• [WORK ORDER] Restate verbatim the span of lines below between the line with "(* Control system" and the line with "(real \<Rightarrow> 'x::real_normed_vector", including those two lines, and only that span.
*** Opening GIVEN RECORDS ***
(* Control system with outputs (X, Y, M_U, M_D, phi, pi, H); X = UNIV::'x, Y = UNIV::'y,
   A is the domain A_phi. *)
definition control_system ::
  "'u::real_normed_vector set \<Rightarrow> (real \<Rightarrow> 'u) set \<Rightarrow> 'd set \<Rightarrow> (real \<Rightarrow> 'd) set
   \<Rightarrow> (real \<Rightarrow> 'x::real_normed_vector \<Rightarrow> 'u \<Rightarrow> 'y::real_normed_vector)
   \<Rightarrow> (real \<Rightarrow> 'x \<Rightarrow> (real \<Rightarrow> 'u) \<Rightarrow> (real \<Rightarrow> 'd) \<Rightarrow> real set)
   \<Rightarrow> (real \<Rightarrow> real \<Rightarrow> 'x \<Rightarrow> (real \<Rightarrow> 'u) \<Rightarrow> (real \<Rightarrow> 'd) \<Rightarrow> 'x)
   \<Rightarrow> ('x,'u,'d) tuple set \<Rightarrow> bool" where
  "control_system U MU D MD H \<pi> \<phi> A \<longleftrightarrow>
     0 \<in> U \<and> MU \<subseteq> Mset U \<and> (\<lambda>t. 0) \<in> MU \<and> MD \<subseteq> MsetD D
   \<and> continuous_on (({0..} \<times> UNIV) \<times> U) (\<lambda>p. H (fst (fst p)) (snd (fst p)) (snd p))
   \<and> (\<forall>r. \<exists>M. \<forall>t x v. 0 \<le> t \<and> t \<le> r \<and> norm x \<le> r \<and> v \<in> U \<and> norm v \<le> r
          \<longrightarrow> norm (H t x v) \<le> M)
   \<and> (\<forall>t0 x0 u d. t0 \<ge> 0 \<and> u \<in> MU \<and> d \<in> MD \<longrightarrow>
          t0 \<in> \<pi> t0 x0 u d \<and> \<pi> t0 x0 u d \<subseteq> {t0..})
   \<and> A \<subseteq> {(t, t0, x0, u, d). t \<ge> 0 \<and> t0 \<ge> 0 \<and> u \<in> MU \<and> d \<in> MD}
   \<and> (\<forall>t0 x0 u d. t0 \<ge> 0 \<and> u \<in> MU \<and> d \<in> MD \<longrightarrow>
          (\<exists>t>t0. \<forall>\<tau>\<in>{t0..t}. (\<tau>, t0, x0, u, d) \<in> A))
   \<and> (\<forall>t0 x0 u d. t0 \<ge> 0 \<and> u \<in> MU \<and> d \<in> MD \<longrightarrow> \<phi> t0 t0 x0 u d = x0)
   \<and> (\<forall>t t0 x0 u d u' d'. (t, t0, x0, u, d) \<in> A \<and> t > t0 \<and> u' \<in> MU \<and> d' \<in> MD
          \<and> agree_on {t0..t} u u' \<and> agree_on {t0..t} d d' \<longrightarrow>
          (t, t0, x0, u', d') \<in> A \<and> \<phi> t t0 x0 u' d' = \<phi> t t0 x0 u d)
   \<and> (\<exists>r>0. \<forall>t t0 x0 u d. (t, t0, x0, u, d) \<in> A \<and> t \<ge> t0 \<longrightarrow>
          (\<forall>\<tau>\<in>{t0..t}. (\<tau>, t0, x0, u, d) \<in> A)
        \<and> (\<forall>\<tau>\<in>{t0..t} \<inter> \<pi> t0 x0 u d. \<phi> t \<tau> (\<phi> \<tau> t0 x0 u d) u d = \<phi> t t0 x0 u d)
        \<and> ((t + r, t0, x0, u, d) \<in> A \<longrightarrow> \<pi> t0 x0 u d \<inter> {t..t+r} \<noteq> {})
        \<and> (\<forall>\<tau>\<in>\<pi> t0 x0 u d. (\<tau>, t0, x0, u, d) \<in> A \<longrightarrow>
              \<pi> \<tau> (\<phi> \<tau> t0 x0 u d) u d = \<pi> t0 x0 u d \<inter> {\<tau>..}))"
*** Closing GIVEN RECORDS ***
*** Opening GIVEN RECORDS ***
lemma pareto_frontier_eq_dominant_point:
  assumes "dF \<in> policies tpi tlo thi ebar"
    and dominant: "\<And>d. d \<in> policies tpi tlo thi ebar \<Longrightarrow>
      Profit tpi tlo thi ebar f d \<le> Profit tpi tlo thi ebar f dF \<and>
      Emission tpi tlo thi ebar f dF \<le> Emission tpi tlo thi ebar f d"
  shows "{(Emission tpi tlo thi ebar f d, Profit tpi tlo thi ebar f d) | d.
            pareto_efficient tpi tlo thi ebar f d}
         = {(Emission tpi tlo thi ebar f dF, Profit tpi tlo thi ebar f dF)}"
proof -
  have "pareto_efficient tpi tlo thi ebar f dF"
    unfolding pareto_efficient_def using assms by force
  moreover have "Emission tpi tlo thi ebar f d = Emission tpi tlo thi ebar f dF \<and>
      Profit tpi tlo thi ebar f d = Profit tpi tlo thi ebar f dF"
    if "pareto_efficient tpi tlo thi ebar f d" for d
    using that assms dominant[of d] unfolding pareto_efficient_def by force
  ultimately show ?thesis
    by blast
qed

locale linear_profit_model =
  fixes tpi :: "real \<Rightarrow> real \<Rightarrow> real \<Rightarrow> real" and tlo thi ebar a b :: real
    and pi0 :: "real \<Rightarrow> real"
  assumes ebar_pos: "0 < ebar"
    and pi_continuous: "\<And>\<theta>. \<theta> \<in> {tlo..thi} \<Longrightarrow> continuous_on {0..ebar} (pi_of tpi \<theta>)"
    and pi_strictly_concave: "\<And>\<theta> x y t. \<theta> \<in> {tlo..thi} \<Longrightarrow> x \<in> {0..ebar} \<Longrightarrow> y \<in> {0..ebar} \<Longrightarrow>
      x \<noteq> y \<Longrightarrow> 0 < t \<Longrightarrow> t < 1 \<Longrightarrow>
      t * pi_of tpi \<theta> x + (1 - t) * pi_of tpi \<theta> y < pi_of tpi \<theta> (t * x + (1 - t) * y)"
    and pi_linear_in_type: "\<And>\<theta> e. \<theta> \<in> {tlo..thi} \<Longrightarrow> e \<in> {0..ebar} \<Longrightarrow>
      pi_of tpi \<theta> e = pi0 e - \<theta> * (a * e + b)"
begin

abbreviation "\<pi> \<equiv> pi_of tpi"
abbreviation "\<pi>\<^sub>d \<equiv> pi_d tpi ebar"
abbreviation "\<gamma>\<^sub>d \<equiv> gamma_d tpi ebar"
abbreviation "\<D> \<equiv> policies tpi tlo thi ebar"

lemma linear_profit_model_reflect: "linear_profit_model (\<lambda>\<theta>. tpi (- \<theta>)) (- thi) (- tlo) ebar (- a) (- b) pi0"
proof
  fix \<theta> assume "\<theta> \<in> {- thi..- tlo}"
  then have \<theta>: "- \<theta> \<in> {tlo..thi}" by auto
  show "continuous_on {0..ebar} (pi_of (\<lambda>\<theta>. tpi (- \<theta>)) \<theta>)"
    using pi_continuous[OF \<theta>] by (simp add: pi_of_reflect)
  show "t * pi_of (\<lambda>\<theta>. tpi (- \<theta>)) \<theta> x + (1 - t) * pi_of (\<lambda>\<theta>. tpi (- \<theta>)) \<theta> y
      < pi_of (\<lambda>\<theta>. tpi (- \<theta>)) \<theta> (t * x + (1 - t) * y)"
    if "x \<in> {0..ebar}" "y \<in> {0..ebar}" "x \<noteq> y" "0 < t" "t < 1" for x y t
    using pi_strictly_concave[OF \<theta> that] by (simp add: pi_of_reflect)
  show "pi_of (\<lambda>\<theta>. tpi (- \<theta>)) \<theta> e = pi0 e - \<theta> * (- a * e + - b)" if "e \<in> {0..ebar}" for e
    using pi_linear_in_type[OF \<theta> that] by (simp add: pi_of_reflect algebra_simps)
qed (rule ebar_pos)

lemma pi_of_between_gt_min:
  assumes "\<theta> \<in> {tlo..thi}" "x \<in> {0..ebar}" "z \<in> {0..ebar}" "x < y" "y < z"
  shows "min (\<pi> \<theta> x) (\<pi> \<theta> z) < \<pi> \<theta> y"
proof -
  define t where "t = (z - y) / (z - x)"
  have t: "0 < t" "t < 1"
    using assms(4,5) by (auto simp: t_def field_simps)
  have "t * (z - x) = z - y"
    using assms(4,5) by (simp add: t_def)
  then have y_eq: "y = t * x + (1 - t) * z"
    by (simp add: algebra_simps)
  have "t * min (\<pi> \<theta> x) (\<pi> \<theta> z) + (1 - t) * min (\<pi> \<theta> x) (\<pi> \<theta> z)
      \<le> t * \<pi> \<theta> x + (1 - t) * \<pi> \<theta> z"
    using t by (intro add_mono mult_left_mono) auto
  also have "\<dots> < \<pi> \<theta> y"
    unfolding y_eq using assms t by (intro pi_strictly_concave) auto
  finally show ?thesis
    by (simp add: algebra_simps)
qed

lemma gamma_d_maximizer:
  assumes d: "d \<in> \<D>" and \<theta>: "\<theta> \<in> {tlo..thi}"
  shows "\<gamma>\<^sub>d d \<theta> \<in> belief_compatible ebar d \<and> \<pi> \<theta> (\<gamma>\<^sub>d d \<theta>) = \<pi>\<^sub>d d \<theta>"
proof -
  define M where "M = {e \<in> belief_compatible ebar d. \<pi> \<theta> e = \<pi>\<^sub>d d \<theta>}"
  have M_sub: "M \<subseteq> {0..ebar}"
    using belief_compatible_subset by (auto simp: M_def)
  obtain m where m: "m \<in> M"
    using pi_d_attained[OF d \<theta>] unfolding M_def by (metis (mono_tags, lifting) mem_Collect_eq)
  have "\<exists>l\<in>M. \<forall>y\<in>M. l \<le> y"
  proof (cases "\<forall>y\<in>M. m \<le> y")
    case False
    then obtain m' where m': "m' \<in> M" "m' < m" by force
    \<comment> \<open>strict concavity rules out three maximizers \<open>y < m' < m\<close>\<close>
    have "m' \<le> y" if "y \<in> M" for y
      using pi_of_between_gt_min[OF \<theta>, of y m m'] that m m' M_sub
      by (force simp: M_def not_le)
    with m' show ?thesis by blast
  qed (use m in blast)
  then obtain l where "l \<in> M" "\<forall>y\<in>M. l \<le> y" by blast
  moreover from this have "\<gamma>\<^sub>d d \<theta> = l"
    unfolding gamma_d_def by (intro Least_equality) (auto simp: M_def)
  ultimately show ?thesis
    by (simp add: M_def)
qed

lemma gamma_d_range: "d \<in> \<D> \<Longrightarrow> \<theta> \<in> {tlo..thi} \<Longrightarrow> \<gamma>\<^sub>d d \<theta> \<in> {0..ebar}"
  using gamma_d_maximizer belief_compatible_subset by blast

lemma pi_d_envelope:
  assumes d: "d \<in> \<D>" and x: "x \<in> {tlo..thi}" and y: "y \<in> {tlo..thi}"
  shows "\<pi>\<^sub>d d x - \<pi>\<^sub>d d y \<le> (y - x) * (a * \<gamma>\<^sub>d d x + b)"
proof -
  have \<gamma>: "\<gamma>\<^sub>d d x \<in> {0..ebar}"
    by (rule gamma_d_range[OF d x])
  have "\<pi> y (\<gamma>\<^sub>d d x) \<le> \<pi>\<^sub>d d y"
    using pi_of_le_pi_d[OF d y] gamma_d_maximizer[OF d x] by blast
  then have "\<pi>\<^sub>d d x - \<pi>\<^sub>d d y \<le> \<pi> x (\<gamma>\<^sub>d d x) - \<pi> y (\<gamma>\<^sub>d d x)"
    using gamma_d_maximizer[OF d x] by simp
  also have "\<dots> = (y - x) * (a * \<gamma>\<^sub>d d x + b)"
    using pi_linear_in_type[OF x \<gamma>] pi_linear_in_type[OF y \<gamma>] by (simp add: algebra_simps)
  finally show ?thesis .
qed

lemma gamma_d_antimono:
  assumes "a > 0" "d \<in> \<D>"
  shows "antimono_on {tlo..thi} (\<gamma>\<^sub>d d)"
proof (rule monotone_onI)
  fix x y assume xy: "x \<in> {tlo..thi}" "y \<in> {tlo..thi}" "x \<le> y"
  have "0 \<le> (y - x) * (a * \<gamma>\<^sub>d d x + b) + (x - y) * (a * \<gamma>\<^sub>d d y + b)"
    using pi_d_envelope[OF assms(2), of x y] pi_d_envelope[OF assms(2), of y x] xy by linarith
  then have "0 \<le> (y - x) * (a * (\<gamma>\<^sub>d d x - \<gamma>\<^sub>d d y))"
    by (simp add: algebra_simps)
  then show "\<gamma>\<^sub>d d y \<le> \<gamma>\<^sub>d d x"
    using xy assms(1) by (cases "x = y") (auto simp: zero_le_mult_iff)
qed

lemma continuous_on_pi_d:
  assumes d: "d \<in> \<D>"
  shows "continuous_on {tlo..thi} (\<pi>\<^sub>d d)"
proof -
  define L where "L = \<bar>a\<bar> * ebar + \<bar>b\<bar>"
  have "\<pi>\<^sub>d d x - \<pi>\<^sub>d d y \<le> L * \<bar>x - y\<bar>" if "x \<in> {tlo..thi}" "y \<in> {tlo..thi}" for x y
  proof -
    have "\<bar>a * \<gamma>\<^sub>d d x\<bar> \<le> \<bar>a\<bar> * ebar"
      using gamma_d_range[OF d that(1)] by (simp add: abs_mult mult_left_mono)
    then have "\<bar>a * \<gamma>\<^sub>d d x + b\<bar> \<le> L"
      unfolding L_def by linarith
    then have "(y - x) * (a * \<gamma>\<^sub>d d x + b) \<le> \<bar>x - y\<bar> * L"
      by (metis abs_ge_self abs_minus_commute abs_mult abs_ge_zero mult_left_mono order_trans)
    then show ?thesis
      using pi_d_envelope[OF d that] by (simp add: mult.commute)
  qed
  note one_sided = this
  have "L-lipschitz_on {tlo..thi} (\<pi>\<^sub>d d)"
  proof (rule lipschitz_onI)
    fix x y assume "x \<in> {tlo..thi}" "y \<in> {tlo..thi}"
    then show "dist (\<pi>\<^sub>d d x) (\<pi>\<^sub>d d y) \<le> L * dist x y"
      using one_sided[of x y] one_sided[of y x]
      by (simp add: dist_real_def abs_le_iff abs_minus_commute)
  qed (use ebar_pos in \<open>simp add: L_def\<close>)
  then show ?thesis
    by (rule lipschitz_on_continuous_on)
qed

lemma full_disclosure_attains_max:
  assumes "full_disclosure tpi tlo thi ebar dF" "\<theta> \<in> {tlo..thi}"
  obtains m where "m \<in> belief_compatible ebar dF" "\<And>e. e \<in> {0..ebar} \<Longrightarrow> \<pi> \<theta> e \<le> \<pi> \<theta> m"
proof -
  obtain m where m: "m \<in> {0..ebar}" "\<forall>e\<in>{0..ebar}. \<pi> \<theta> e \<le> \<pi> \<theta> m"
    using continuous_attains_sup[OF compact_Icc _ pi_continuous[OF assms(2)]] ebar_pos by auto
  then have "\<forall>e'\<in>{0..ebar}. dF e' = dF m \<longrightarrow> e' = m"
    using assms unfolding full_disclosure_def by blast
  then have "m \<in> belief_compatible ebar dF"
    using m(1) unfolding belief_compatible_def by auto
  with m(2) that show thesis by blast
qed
*** Closing GIVEN RECORDS ***
• [ANSWER]
(* Control system with outputs (X, Y, M_U, M_D, phi, pi, H); X = UNIV::'x, Y = UNIV::'y,
   A is the domain A_phi. *)
definition control_system ::
  "'u::real_normed_vector set \<Rightarrow> (real \<Rightarrow> 'u) set \<Rightarrow> 'd set \<Rightarrow> (real \<Rightarrow> 'd) set
   \<Rightarrow> (real \<Rightarrow> 'x::real_normed_vector \<Rightarrow> 'u \<Rightarrow> 'y::real_normed_vector)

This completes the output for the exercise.